Coincidentally, William Shatner, “Star Trek’s” Captain Kirk, would play the lead in his next project, a feature-length TV movie called “Disaster on the Coastliner”. The supporting cast included Yvette Mimieux and several icons of his TV-watching childhood, including Raymond Burr, Lloyd Bridges and E. G. Marshall.

He went on to work with a number of “Hollywood’s Gold Age” stars in their later careers, including Richard Widmark, David Niven, Joseph Cotten, James Mason, and in particular Kirk Douglas, for whom he scripted “The Final Countdown” (1980) the now classic sci-fi movie. He went on to work with newer stars including Pierce Brosnan (“Taffin”, 1988), and Sharon Stone (“Year of the Gun”, 1991, directed by John Frankenheimer).

Europe and worldwide 

In 1980 his script for “The Survivor”, shot in Australia with Robert Powell, Jenny Agutter and Joseph Cotten, directed by David Hemmings, won the best script award at the Sitges International Film Festival.

Also in Australia, in 1982, his script “A Dangerous Summer” (co-written with Kit Denton, Quentin Masters and Jim McElroy) was shot starring James Mason and Tom Skerritt.

In 1987 he directed his own script for “Comeback”, produced in the UK by Yorkshire Television, starring Anton Rodgers and Stephen Dillane.
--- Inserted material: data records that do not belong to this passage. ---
(* Let $p$ be a prime and $s>1$, and let $F(x,y)$ be the formal group law of mod $p$ Morava $K$-theory $K(s)$. Then $$F(x,y)\equiv x+y-v_s\sum_{0<j<p}\frac1p\binom{p}{j}\bigl(x^{p^{s-1}}\bigr)^{j}\bigl(y^{p^{s-1}}\bigr)^{p-j}$$ modulo $x^{p^{2(s-1)}}$ (and likewise modulo $y^{p^{2(s-1)}}$).
   Context: The coefficient ring of $K(s)$ is $\mathbb{F}_p[v_s,v_s^{-1}]$, $|v_s|=2(p^s-1)$, and its formal group law is the mod $p$ reduction of the $p$-typical formal group law over $\mathbb{Z}_{(p)}[v_s]$ obtained from the universal $p$-typical formal group law $F_{BP}$ over $BP_*=\mathbb{Z}_{(p)}[v_1,v_2,\dots]$ (Hazewinkel generators) by setting $v_i=0$ for all $i\ne s$; its logarithm is $\sum_{k\ge0}v_s^{(p^{ks}-1)/(p^s-1)}x^{p^{ks}}/p^k$. Note $\frac1p\binom pj\in\mathbb{Z}$ for $0<j<p$. *)

theory Defs
  imports "HOL-Computational_Algebra.Computational_Algebra"
begin

text \<open>Bivariate power series over Q[v] are represented as rat poly fps fps:
  the outer variable is y, the inner variable is x, so the coefficient of
  x^a y^b in G is G $ b $ a.  The indeterminate v is [:0,1:].\<close>

definition bvX :: "rat poly fps fps" where
  "bvX = fps_const fps_X"

definition bvY :: "rat poly fps fps" where
  "bvY = fps_X"

definition bvconst :: "rat poly \<Rightarrow> rat poly fps fps" where
  "bvconst c = fps_const (fps_const c)"

text \<open>k-th coefficient of the K(s) logarithm over Z_(p)[v]:
  v^((p^(ks)-1)/(p^s-1)) / p^k, attached to x^(p^(ks)).\<close>
definition Ks_log_coeff :: "nat \<Rightarrow> nat \<Rightarrow> nat \<Rightarrow> rat poly" where
  "Ks_log_coeff p s k = monom (1 / of_nat p ^ k) ((p ^ (k * s) - 1) div (p ^ s - 1))"

text \<open>The truncation k \<le> a+b is
  harmless: G^(p^(ks)) has no terms of total degree < p^(ks), and p^(ks) > k.\<close>
definition Ks_log2 :: "nat \<Rightarrow> nat \<Rightarrow> rat poly fps fps \<Rightarrow> rat poly fps fps" where
  "Ks_log2 p s G = Abs_fps (\<lambda>b. Abs_fps (\<lambda>a.
      \<Sum>k\<le>a+b. Ks_log_coeff p s k * ((G ^ (p ^ (k * s))) $ b $ a)))"

text \<open>F is the formal group law over Z_(p)[v] (inside Q[v]) with the K(s) logarithm:
  F(0,0) = 0 and log F(x,y) = log x + log y. Its mod p reduction is the FGL of K(s).\<close>
definition is_Ks_fgl :: "nat \<Rightarrow> nat \<Rightarrow> rat poly fps fps \<Rightarrow> bool" where
  "is_Ks_fgl p s F \<longleftrightarrow> F $ 0 $ 0 = 0 \<and> Ks_log2 p s F = Ks_log2 p s bvX + Ks_log2 p s bvY"

definition in_Zp :: "nat \<Rightarrow> rat \<Rightarrow> bool" where
  "in_Zp p q \<longleftrightarrow> (\<exists>a b :: int. b \<noteq> 0 \<and> \<not> int p dvd b \<and> q = of_int a / of_int b)"

text \<open>q lies in p * Z_(p)[v], i.e. q reduces to 0 mod p.\<close>
definition p_divisible :: "nat \<Rightarrow> rat poly \<Rightarrow> bool" where
  "p_divisible p q \<longleftrightarrow> (\<forall>n. in_Zp p (coeff q n / of_nat p))"

definition Ks_rhs :: "nat \<Rightarrow> nat \<Rightarrow> rat poly fps fps" where
  "Ks_rhs p s = bvX + bvY - bvconst [:0, 1:] *
     (\<Sum>j\<in>{0<..<p}. bvconst [: of_nat (p choose j) / of_nat p :]
        * bvX ^ (p ^ (s - 1) * j) * bvY ^ (p ^ (s - 1) * (p - j)))"

end

theory Submission
  imports Defs
begin

text \<open>Write \<open>q = p^(s-1)\<close>, \<open>M = q^2\<close> and \<open>G\<close> for the right hand side, and work
  modulo \<open>p^j\<close> and \<open>(x y)^M\<close>. Since \<open>G \<equiv> x + y\<close> modulo \<open>(x y)^q\<close>, every term of
  \<open>G^(p^s) - (x + y)^(p^s)\<close> surviving modulo \<open>(x y)^M\<close> carries a binomial coefficient
  divisible by \<open>p^2\<close>; as moreover \<open>(x + y)^q \<equiv> x^q + y^q\<close> mod \<open>p\<close>, the term
  \<open>v z^(p^s)/p\<close> of \<open>log G - log x - log y\<close> is \<open>v C_p(x^q, y^q)\<close> modulo \<open>p\<close>, which is
  exactly the correction in \<open>G\<close>. For \<open>k \<ge> 2\<close> the terms \<open>v^(...) z^(p^(ks))/p^k\<close> are
  additive modulo \<open>p\<close>, because \<open>p^(k+1)\<close> divides every binomial coefficient of \<open>p^(ks)\<close>
  at an index below \<open>M\<close>. So \<open>log G \<equiv> log x + log y\<close>, and comparing with
  \<open>log F = log x + log y\<close> by induction on the total degree gives \<open>F \<equiv> G\<close>: the Frobenius
  congruence \<open>A \<equiv> B\<close> mod \<open>p^j\<close> \<open>\<Longrightarrow>\<close> \<open>A^(p^n) \<equiv> B^(p^n)\<close> mod \<open>p^(j+n)\<close> makes the
  logarithmic terms of \<open>F\<close> and \<open>G\<close> agree once their lower-degree parts do.\<close>

lemma bv_mult_nth: "(G * H) $ b $ a = (\<Sum>i\<le>b. \<Sum>k\<le>a. G $ i $ k * H $ (b - i) $ (a - k))"
  by (simp add: fps_mult_nth fps_sum_nth atLeast0AtMost)
(* Let $k\ge 2$, $\epsilon>0$ and $0<u\le 2$. For the mechanism $\mathbf Q_{k,\epsilon,d^\ast}$ and its empirical estimator $\hat{\mathbf p}$, $$r_{k,n}^{\ell_u^u}(\mathbf Q_{k,\epsilon,d^\ast},\hat{\mathbf p})=\frac{k}{n^{u/2}}\,C_u\,M(k,\epsilon)^{u/2}+o(n^{-u/2})\quad\text{as } n\to\infty.$$
   Context: Let $\mathcal X=\{1,\dots,k\}$, $\Delta_k$ the probability simplex in $\mathbb R^k$. For $1\le d\le k-1$, let $\mathcal Y_{k,d}=\{y\in\{0,1\}^k:\sum_i y_i=d\}$ and define the mechanism $\mathbf Q_{k,\epsilon,d}(y\mid i)=\frac{e^{\epsilon}y_i+(1-y_i)}{\binom{k-1}{d-1}e^{\epsilon}+\binom{k-1}{d}}$ for $y\in\mathcal Y_{k,d}$, $i\in\mathcal X$. Given $\mathbf p\in\Delta_k$, the privatized samples $Y^{(1)},\dots,Y^{(n)}$ are i.i.d. with distribution $\mathbf m(y)=\sum_i p_i\mathbf Q_{k,\epsilon,d}(y\mid i)$. The empirical estimator is $\hat p_i(y^n)=\frac{(k-1)e^{\epsilon}+\frac{(k-1)(k-d)}{d}}{(k-d)(e^{\epsilon}-1)}\cdot\frac{t_i(y^n)}{n}-\frac{(d-1)e^{\epsilon}+k-d}{(k-d)(e^{\epsilon}-1)}$ with $t_i(y^n)=\sum_{j=1}^n y^{(j)}_i$. For $x\in\mathbb R^k$, $\ell_u^u(x)=\sum_i|x_i|^u$, and $r_{k,n}^{\ell_u^u}(\mathbf Q,\hat{\mathbf p})=\sup_{\mathbf p\in\Delta_k}\mathbb E_{Y^n\sim\mathbf m^n}\ell_u^u(\hat{\mathbf p}(Y^n)-\mathbf p)$. Let $C_u=\mathbb E|Z|^u=2^{u/2}\Gamma((u+1)/2)/\sqrt\pi$ for $Z\sim\mathcal N(0,1)$. Let $d^\ast\in\arg\min_{1\le d\le k-1}\frac{(de^{\epsilon}+k-d)^2}{d(k-d)}$ (ties broken arbitrarily) and $M(k,\epsilon)=\frac{(k-1)^2}{k^2(e^{\epsilon}-1)^2}\cdot\frac{(d^\ast e^{\epsilon}+k-d^\ast)^2}{d^\ast(k-d^\ast)}$. *)

theory Defs
  imports "HOL-Analysis.Analysis" "HOL-Library.Landau_Symbols"
begin

definition Yset :: "nat \<Rightarrow> nat \<Rightarrow> (nat \<Rightarrow> nat) set" where
  "Yset k d = {y \<in> PiE {1..k} (\<lambda>_. {0, 1}). (\<Sum>i\<in>{1..k}. y i) = d}"

definition prob_simplex :: "nat \<Rightarrow> (nat \<Rightarrow> real) set" where
  "prob_simplex k = {p. (\<forall>i\<in>{1..k}. 0 \<le> p i) \<and> (\<Sum>i\<in>{1..k}. p i) = 1}"

definition Qmech :: "nat \<Rightarrow> real \<Rightarrow> nat \<Rightarrow> (nat \<Rightarrow> nat) \<Rightarrow> nat \<Rightarrow> real" where
  "Qmech k eps d y i =
     (exp eps * real (y i) + (1 - real (y i))) /
     (real ((k - 1) choose (d - 1)) * exp eps + real ((k - 1) choose d))"

definition mdist :: "nat \<Rightarrow> real \<Rightarrow> nat \<Rightarrow> (nat \<Rightarrow> real) \<Rightarrow> (nat \<Rightarrow> nat) \<Rightarrow> real" where
  "mdist k eps d p y = (\<Sum>i\<in>{1..k}. p i * Qmech k eps d y i)"

definition tcount :: "nat \<Rightarrow> (nat \<Rightarrow> nat \<Rightarrow> nat) \<Rightarrow> nat \<Rightarrow> real" where
  "tcount n ys i = (\<Sum>j<n. real (ys j i))"

definition phat :: "nat \<Rightarrow> real \<Rightarrow> nat \<Rightarrow> nat \<Rightarrow> (nat \<Rightarrow> nat \<Rightarrow> nat) \<Rightarrow> nat \<Rightarrow> real" where
  "phat k eps d n ys i =
     ((real k - 1) * exp eps + (real k - 1) * (real k - real d) / real d)
       / ((real k - real d) * (exp eps - 1)) * (tcount n ys i / real n)
     - ((real d - 1) * exp eps + real k - real d) / ((real k - real d) * (exp eps - 1))"

definition lossu :: "nat \<Rightarrow> real \<Rightarrow> (nat \<Rightarrow> real) \<Rightarrow> real" where
  "lossu k u x = (\<Sum>i\<in>{1..k}. \<bar>x i\<bar> powr u)"

text \<open>Expected loss under p: Y^n i.i.d. with law m, expectation as a finite sum.\<close>
definition exp_loss :: "nat \<Rightarrow> real \<Rightarrow> nat \<Rightarrow> real \<Rightarrow> nat \<Rightarrow> (nat \<Rightarrow> real) \<Rightarrow> real" where
  "exp_loss k eps d u n p =
     (\<Sum>ys\<in>PiE {..<n} (\<lambda>_. Yset k d).
        (\<Prod>j<n. mdist k eps d p (ys j)) * lossu k u (\<lambda>i. phat k eps d n ys i - p i))"

definition risk :: "nat \<Rightarrow> real \<Rightarrow> nat \<Rightarrow> real \<Rightarrow> nat \<Rightarrow> real" where
  "risk k eps d u n = (SUP p\<in>prob_simplex k. exp_loss k eps d u n p)"

definition Cu :: "real \<Rightarrow> real" where
  "Cu u = 2 powr (u / 2) * Gamma ((u + 1) / 2) / sqrt pi"

definition dobj :: "nat \<Rightarrow> real \<Rightarrow> nat \<Rightarrow> real" where
  "dobj k eps d = (real d * exp eps + real k - real d)^2 / (real d * (real k - real d))"

definition Mconst :: "nat \<Rightarrow> real \<Rightarrow> nat \<Rightarrow> real" where
  "Mconst k eps ds = (real k - 1)^2 / ((real k)^2 * (exp eps - 1)^2) * dobj k eps ds"

end

theory Submission
  imports Defs "HOL-Probability.Probability"
begin

text \<open>
  The coordinate counts \<open>t\<^sub>i\<close> of the privatised sample are binomial with success probability
  \<open>q\<^sub>i = \<beta> + (\<alpha> - \<beta>) p\<^sub>i\<close>, where \<open>\<alpha>\<close> (resp. \<open>\<beta>\<close>) is the probability that coordinate \<open>i\<close> of the
  output is set when the input is \<open>i\<close> (resp. another letter).  The estimator is affine in
  \<open>t\<^sub>i / n\<close> with slope \<open>A = 1 / (\<alpha> - \<beta>)\<close>, so the scaled expected loss is
  \<open>n\<^bsup>u/2\<^esup> E l\<^sub>u\<^sup>u = A\<^sup>u \<Sum>\<^sub>i E |(t\<^sub>i - n q\<^sub>i) / sqrt n|\<^sup>u\<close>.
  By the central limit theorem (via Levy's continuity theorem) and the uniform integrability
  supplied by the bounded second moments, \<open>E |(t - n q) / sqrt n|\<^sup>u\<close> tends to
  \<open>C\<^sub>u (q (1 - q))\<^bsup>u/2\<^esup>\<close>, uniformly for \<open>q\<close> in a compact interval.  For \<open>u \<le> 2\<close> this limit is
  concave in \<open>q\<close> while \<open>\<Sum>\<^sub>i q\<^sub>i = d\<close> is fixed, so asymptotically the supremum over the simplex is
  attained at the uniform distribution, where \<open>q\<^sub>i = d / k\<close> and \<open>A\<^sup>2 (d / k) (1 - d / k) = M(k, \<epsilon>)\<close>.
\<close>

section \<open>Absolute moments of centred normal distributions\<close>

lemma powr_half_square_times:
  fixes x u :: real assumes "x > 0"
  shows "(x\<^sup>2 / 2) powr ((u - 1) / 2) * x = 2 powr ((1 - u) / 2) * x powr u"
proof -
  have "(x\<^sup>2 / 2) powr ((u - 1) / 2) = (x powr 2) powr ((u - 1) / 2) / 2 powr ((u - 1) / 2)"
    using assms by (simp add: powr_divide flip: powr_numeral)
  also have "(x powr 2) powr ((u - 1) / 2) = x powr (u - 1)"
    by (simp add: powr_powr diff_divide_distrib)
  also have "x powr (u - 1) / 2 powr ((u - 1) / 2) = x powr (u - 1) * 2 powr ((1 - u) / 2)"
    using powr_minus_divide[of 2 "(u - 1) / 2"] by (simp add: minus_divide_left)
  finally show ?thesis using assms by (simp add: powr_diff)
qed
(* Let $E$ be a Banach lattice with an order continuous norm, let $A$ be an ideal in $E$, and let $\mathfrak{B}$ be the Boolean subalgebra of $\mathfrak{B}(E)$ generated by the order projections $\pi_x$, $x\in A$, where $\pi_x(z)=\sup\{z\wedge n|x|:n\in\mathbb{N}\}$. Suppose $T$ is $\mathfrak{B}$-Volterra, $0\le x_3\le x_2\le x_1$ in $A$, and $\{\pi_{x_1},\sigma,\rho\}$ is an antichain in $\mathfrak{B}$. Then $(\pi_{x_1}-\pi_{x_2})T\sigma x\perp(\pi_{x_2}-\pi_{x_3})T(\rho^*\sigma x+w)$ for every $x\in E$ and $w\in\pi_{x_1}^*(E)$. In particular, $(\pi_{x_1}-\pi_{x_2})T\sigma x\perp\pi_{x_2}T\rho^*\sigma x$ for every $x\in E$.
   Context: $\mathfrak{B}(E)$ is the Boolean algebra of all order projections on $E$ ($\pi\le\rho$ iff $\pi\rho=\pi$, $\pi\wedge\rho=\pi\rho$, $\pi^*=I_E-\pi$, zero $\mathbf 0$, unit $\mathbf 1=I_E$). A positive operator $T$ is $\mathfrak{B}$-Volterra if for all $\pi\in\mathfrak{B}$ and $x,y\in E$, $\pi x=\pi y$ implies $\pi Tx=\pi Ty$. For $x\in E$, $\pi_x$ is the order projection onto the band generated by $x$, given on $z\in E^+$ by $\pi_x(z)=\sup\{z\wedge n|x|:n\in\mathbb{N}\}$. A nonempty subset of $\mathfrak{B}$ is an antichain if any two distinct elements have meet $\mathbf 0$. $u\perp v$ means $|u|\wedge|v|=0$. *)

theory Defs
  imports Complex_Main
begin

definition lmod :: "'a::{lattice,uminus} \<Rightarrow> 'a" where
  "lmod x = sup x (- x)"

definition ppart :: "'a::{lattice,zero} \<Rightarrow> 'a" where
  "ppart x = sup x 0"

definition npart :: "'a::{lattice,zero,uminus} \<Rightarrow> 'a" where
  "npart x = sup (- x) 0"

class banach_lattice = banach + ordered_real_vector + lattice +
  assumes lattice_norm: "sup x (- x) \<le> sup y (- y) \<Longrightarrow> norm x \<le> norm y"

definition is_lub :: "'a::order set \<Rightarrow> 'a \<Rightarrow> bool" where
  "is_lub S s \<longleftrightarrow> (\<forall>y\<in>S. y \<le> s) \<and> (\<forall>u. (\<forall>y\<in>S. y \<le> u) \<longrightarrow> s \<le> u)"

definition is_glb :: "'a::order set \<Rightarrow> 'a \<Rightarrow> bool" where
  "is_glb S s \<longleftrightarrow> (\<forall>y\<in>S. s \<le> y) \<and> (\<forall>u. (\<forall>y\<in>S. u \<le> y) \<longrightarrow> u \<le> s)"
The film was nominated for the Prix Italia.

In 1989 he was invited to France to script a six-hour, two-part film telling the story of “The French Revolution”. Directed by Robert Enrico and Richard Heffron, with an international cast including Peter Ustinov, Klaus-Maria Brandauer, Sam Neill, Claudia Cardinale, Christopher Lee and Jane Seymour, it was one of the biggest projects ever mounted in Europe.

Later career 

In 1993 Ambrose published his first novel, “The Man Who Turned Into Himself”. This was followed by five others, described as "Hitchcock meets Hawking", over the next ten years, along with a collection of short stories “Hollywood Lies”. 

In 1990 his play “Abra-Cadaver” (co-written with Allan Scott) was produced at the Theatre Royal, Windsor, starring Frank Langella.

In 1991 his play “Restoration Comedy” (co-written with Michael Gearin-Tosh) was produced in Oxford.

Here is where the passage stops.